The Nuclear Regulatory Commission (NRC) has recommended a rollback of inspections in order to save money. Industry representatives think there should be a move towards more “self-assessments,” limited public disclosures for “lower-level” problems at plants, and lightening the “burden of radiation-protection and emergency-preparedness inspections” according to Common Dreams.
The NRC believes that the rollback “improves efficiency while still helping to ensure reasonable assurance of adequate protection to the public.”
One NRC member, Jeff Baran, said that the agency “shouldn’t perform fewer inspections or weaken its safety oversight to save money."
Democrats from the House Appropriations and Energy and Commerce committees also said that they were concerned about the loosening safety standards in a letter to NRC Chairwoman Kristine Svinicki.

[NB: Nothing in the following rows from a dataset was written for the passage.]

lemma smooth_on_UNIV_differentiable:
  fixes f :: "'a::real_normed_vector \<Rightarrow> 'b::real_inner"
  assumes "smooth_on UNIV f"
  shows "f differentiable_on UNIV"
proof -
  obtain D where "derivative_tower D" "D [] = f"
    using smooth_on_UNIV_derivative_tower[OF assms] .
  thus ?thesis
    by (metis derivative_tower.has_derivative_tower differentiable_def differentiable_on_def)
qed

lemma smooth_on_time_derivative:
  fixes F :: "'a::real_normed_vector \<times> real \<Rightarrow> 'b::real_normed_vector"
  assumes "smooth_on S F"
  obtains F_t where "continuous_on S F_t"
    and "\<And>w t. (w, t) \<in> S \<Longrightarrow> ((\<lambda>s. F (w, s)) has_vector_derivative F_t (w, t)) (at t)"
proof -
  obtain D where S: "open S" and D0: "\<And>x. x \<in> S \<Longrightarrow> D [] x = F x"
    and tower: "\<And>vs x. x \<in> S \<Longrightarrow> (D vs has_derivative (\<lambda>h. D (h # vs) x)) (at x)"
    using assms unfolding smooth_on_def by blast
  have "continuous_on S (D [(0, 1)])"
    using has_derivative_continuous[OF tower] by (intro continuous_at_imp_continuous_on) auto
  moreover have "((\<lambda>s. F (w, s)) has_vector_derivative D [(0, 1)] (w, t)) (at t)"
    if wt: "(w, t) \<in> S" for w t
  proof -
    have lin: "(\<lambda>d. D [(0, d)] (w, t)) = (\<lambda>d. d *\<^sub>R D [(0, 1)] (w, t))"
    proof
      fix d
      show "D [(0, d)] (w, t) = d *\<^sub>R D [(0, 1)] (w, t)"
        using linear_scale[OF has_derivative_linear[OF tower[OF wt]], of d "(0, 1)"] by simp
    qed
    have "((\<lambda>s. (w, s)) has_derivative (\<lambda>d. (0, d))) (at t)"
      by (auto intro!: derivative_eq_intros)
    from has_derivative_compose[OF this tower[OF wt, of "[]"]]
    have deriv: "((\<lambda>s. D [] (w, s)) has_derivative (\<lambda>d. d *\<^sub>R D [(0, 1)] (w, t))) (at t)"
      unfolding lin .
    have "open (Pair w -` S)"
      by (rule continuous_open_vimage[OF S]) (intro continuous_intros)
    hence "((\<lambda>s. F (w, s)) has_derivative (\<lambda>d. d *\<^sub>R D [(0, 1)] (w, t))) (at t)"
      by (rule has_derivative_transform_within_open[OF deriv]) (use wt D0 in auto)
    thus ?thesis by (simp add: has_vector_derivative_def)
  qed
  ultimately show ?thesis using that by blast
qed

lemma linearization_error_mvt:
  fixes g :: "real \<Rightarrow> 'a::real_inner"
  assumes s: "0 < s"
    and deriv: "\<And>\<tau>. t \<le> \<tau> \<Longrightarrow> \<tau> \<le> t + s \<Longrightarrow> (g has_vector_derivative g' \<tau>) (at \<tau>)"
  obtains \<xi> where "\<xi> \<in> {t<..<t + s}" and "norm (g (t + s) - g t - s *\<^sub>R g' t) \<le> s * norm (g' \<xi> - g' t)"
proof -
  define h where "h = (\<lambda>\<tau>. g \<tau> - \<tau> *\<^sub>R g' t)"
  have dh: "(h has_derivative (\<lambda>x. x *\<^sub>R (g' \<tau> - g' t))) (at \<tau>)" if "t \<le> \<tau>" "\<tau> \<le> t + s" for \<tau>
  proof -
    have "((\<lambda>\<tau>. \<tau> *\<^sub>R g' t) has_vector_derivative g' t) (at \<tau>)"
      using has_vector_derivative_scaleR[OF DERIV_ident has_vector_derivative_const] by simp
    from has_vector_derivative_diff[OF deriv[OF that] this] show ?thesis
      by (simp add: h_def has_vector_derivative_def scaleR_diff_right)
  qed
  have "continuous_on {t..t + s} h"
    using has_derivative_continuous[OF dh] by (intro continuous_at_imp_continuous_on) auto
  moreover have "(h has_derivative (\<lambda>x. x *\<^sub>R (g' \<tau> - g' t))) (at \<tau>)" if "t < \<tau>" "\<tau> < t + s" for \<tau>
    using dh that by simp
  ultimately obtain \<xi> where "\<xi> \<in> {t<..<t + s}"
      "norm (h (t + s) - h t) \<le> norm ((t + s - t) *\<^sub>R (g' \<xi> - g' t))"
    using mvt_general[of t "t + s" h "\<lambda>\<tau> x. x *\<^sub>R (g' \<tau> - g' t)"] s by auto
  moreover have "h (t + s) - h t = g (t + s) - g t - s *\<^sub>R g' t" by (simp add: h_def algebra_simps)
  moreover have "norm ((t + s - t) *\<^sub>R (g' \<xi> - g' t)) = s * norm (g' \<xi> - g' t)" using s by simp
  ultimately show ?thesis using that by auto
qed

lemma uniform_time_differentiability:
  fixes F :: "'a::metric_space \<times> real \<Rightarrow> 'b::real_inner"
  assumes W: "compact W" and cont: "continuous_on {(w, t). 0 < t} F_t"
    and deriv: "\<And>w t. 0 < t \<Longrightarrow> ((\<lambda>s. F (w, s)) has_vector_derivative F_t (w, t)) (at t)"
    and t: "0 < t" and e: "0 < e"
  shows "\<exists>\<delta>>0. \<forall>w\<in>W. \<forall>s. 0 < s \<and> s < \<delta> \<longrightarrow>
           norm (F (w, t + s) - F (w, t) - s *\<^sub>R F_t (w, t)) \<le> e * s"
proof -
  define K where "K = W \<times> {t..t + 1}"
  have "compact K" using W by (simp add: K_def compact_Times)
  moreover have "continuous_on K F_t"
    using t by (intro continuous_on_subset[OF cont]) (auto simp: K_def)
  ultimately have "uniformly_continuous_on K F_t"
    by (rule compact_uniformly_continuous[rotated])
  then obtain d where d: "d > 0"
      "\<And>x x'. x \<in> K \<Longrightarrow> x' \<in> K \<Longrightarrow> dist x' x < d \<Longrightarrow> dist (F_t x') (F_t x) < e"
    unfolding uniformly_continuous_on_def using e by blast
  have "norm (F (w, t + s) - F (w, t) - s *\<^sub>R F_t (w, t)) \<le> e * s"
    if w: "w \<in> W" and s: "0 < s" "s < min d 1" for w s
  proof -
    obtain \<xi> where \<xi>: "\<xi> \<in> {t<..<t + s}"
      "norm (F (w, t + s) - F (w, t) - s *\<^sub>R F_t (w, t)) \<le> s * norm (F_t (w, \<xi>) - F_t (w, t))"
      using linearization_error_mvt[of s t "\<lambda>\<tau>. F (w, \<tau>)" "\<lambda>\<tau>. F_t (w, \<tau>)"] deriv s(1) t by auto
    have "dist (F_t (w, \<xi>)) (F_t (w, t)) < e"
      using d(2)[of "(w, t)" "(w, \<xi>)"] \<xi>(1) w s
      by (auto simp: K_def dist_Pair_Pair dist_real_def)
    hence "s * norm (F_t (w, \<xi>) - F_t (w, t)) \<le> s * e"
      using s(1) by (intro mult_left_mono) (auto simp: dist_norm)
    thus ?thesis using \<xi>(2) by (simp add: mult.commute)
  qed
  moreover have "min d 1 > 0" using d(1) by simp
  ultimately show ?thesis by blast
qed

section \<open>The charts of the sphere\<close>

lemma norm_stereographic:
  fixes w :: "real^2"
  defines "s \<equiv> (w$1)\<^sup>2 + (w$2)\<^sup>2"
  assumes z: "z\<^sup>2 = (s - 1)\<^sup>2"
  shows "norm (vector [2 * w$1 / (1 + s), 2 * w$2 / (1 + s), z / (1 + s)] :: real^3) = 1"
    (is "norm ?v = 1")
proof -
  have s: "1 + s > 0" unfolding s_def by (simp add: add_pos_nonneg)
  have "?v \<bullet> ?v = (4 * s + z\<^sup>2) / (1 + s)\<^sup>2"
    by (simp add: inner_vec_def sum_3 power2_eq_square s_def add_divide_distrib algebra_simps)
  also have "4 * s + z\<^sup>2 = (1 + s)\<^sup>2" using z by (simp add: power2_eq_square algebra_simps)
  finally show ?thesis using s by (simp add: norm_eq_1)
qed

lemma chartN_S2: "chartN w \<in> S2"
  using norm_stereographic[of "(w$1)\<^sup>2 + (w$2)\<^sup>2 - 1" w] by (simp add: chartN_def Let_def)

lemma chartS_S2: "chartS w \<in> S2"
  using norm_stereographic[of "1 - ((w$1)\<^sup>2 + (w$2)\<^sup>2)" w]
  by (simp add: chartS_def Let_def power2_commute)

lemma charts_S2: "\<sigma> \<in> charts \<Longrightarrow> \<sigma> w \<in> S2"
  using chartN_S2 chartS_S2 by (auto simp: charts_def)

lemma chartN_covers_lower_hemisphere:
  assumes p: "p \<in> S2" and p3: "p$3 \<le> 0"
  obtains w where "norm w \<le> 1" and "chartN w = p"
proof -
  have p1: "(p$1)\<^sup>2 + (p$2)\<^sup>2 + (p$3)\<^sup>2 = 1"
    using p unfolding mem_sphere_0 norm_eq_1 by (simp add: inner_vec_def sum_3 power2_eq_square)
  define d where "d = 1 - p$3"
  have d: "d \<ge> 1" using p3 by (simp add: d_def)
  define w :: "real^2" where "w = vector [p$1 / d, p$2 / d]"
  have "(w$1)\<^sup>2 + (w$2)\<^sup>2 = ((p$1)\<^sup>2 + (p$2)\<^sup>2) / d\<^sup>2"
    by (simp add: w_def power_divide add_divide_distrib)
  also have "\<dots> = ((1 + p$3) * d) / (d * d)"
    using p1 by (simp add: d_def power2_eq_square algebra_simps)
  finally have s: "(w$1)\<^sup>2 + (w$2)\<^sup>2 = (1 + p$3) / d" using d by simp
  have "1 + (1 + p$3) / d = 2 / d" using d by (simp add: d_def field_simps)
  hence "chartN w = p"
    unfolding chartN_def Let_def s using d by (auto simp: vec_eq_iff forall_3 w_def field_simps d_def)
  moreover have "(norm w)\<^sup>2 \<le> 1"
  proof -
    have "(norm w)\<^sup>2 = (w$1)\<^sup>2 + (w$2)\<^sup>2"
      unfolding power2_norm_eq_inner by (simp add: inner_vec_def sum_2 power2_eq_square)
    also have "\<dots> \<le> 1" using s d p3 by (simp add: d_def divide_le_eq)
    finally show ?thesis .
  qed
  ultimately show ?thesis using that by (simp add: power_le_one_iff)
qed

text \<open>The closed unit disc suffices: this is what makes the chart domains compact.\<close>
lemma charts_cover:
  assumes p: "p \<in> S2"
  shows "\<exists>\<sigma>\<in>charts. \<exists>w. norm w \<le> 1 \<and> \<sigma> w = p"
proof (cases "p$3 \<le> 0")
  case True
  thus ?thesis using chartN_covers_lower_hemisphere[OF p] by (metis charts_def insertI1)
next
  case False
  define reflect :: "real^3 \<Rightarrow> real^3" where "reflect x = vector [x$1, x$2, - x$3]" for x
  have reflect_chartN: "reflect (chartN w) = chartS w" for w
    by (simp add: reflect_def chartN_def chartS_def Let_def vec_eq_iff forall_3 minus_divide_left)
  have "norm (reflect p) = norm p"
    by (simp add: norm_eq_sqrt_inner inner_vec_def sum_3 reflect_def)
  with p False obtain w where "norm w \<le> 1" "chartN w = reflect p"
    using chartN_covers_lower_hemisphere[of "reflect p"] by (force simp: reflect_def)
  moreover have "reflect (reflect p) = p" by (simp add: reflect_def vec_eq_iff forall_3)
  ultimately show ?thesis using reflect_chartN by (metis charts_def insertCI)
qed

section \<open>Convex bodies\<close>

lemma connected_subset_inside:
  assumes "connected T" "T \<inter> S = {}" "x \<in> T" "x \<in> inside S"
  shows "T \<subseteq> inside S"
proof
  fix y assume y: "y \<in> T"
  have "T \<subseteq> connected_component_set (- S) x"
    using assms by (intro connected_component_maximal) auto
  hence "connected_component_set (- S) y = connected_component_set (- S) x"
    using y by (intro connected_component_eq) auto
  thus "y \<in> inside S" using y assms by (auto simp: inside_def)
qed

They wrote: “To ensure nuclear power provides safe, reliable, emissions-free energy, it is imperative for the NRC to uphold strong regulatory standards. That is why we are disturbed by the consideration of these far-reaching changes to the NRC's regulatory regime without first actively conducting robust public outreach and engagement. It would be a mistake to attempt to make nuclear power more cost competitive by weakening NRC's vital safety oversight. Cutting corners on such critical safety measures may eventually lead to a disaster that could be detrimental to the future of the domestic nuclear industry.”
Some fear that rollbacks could lead to a disaster similar to Chernobyl.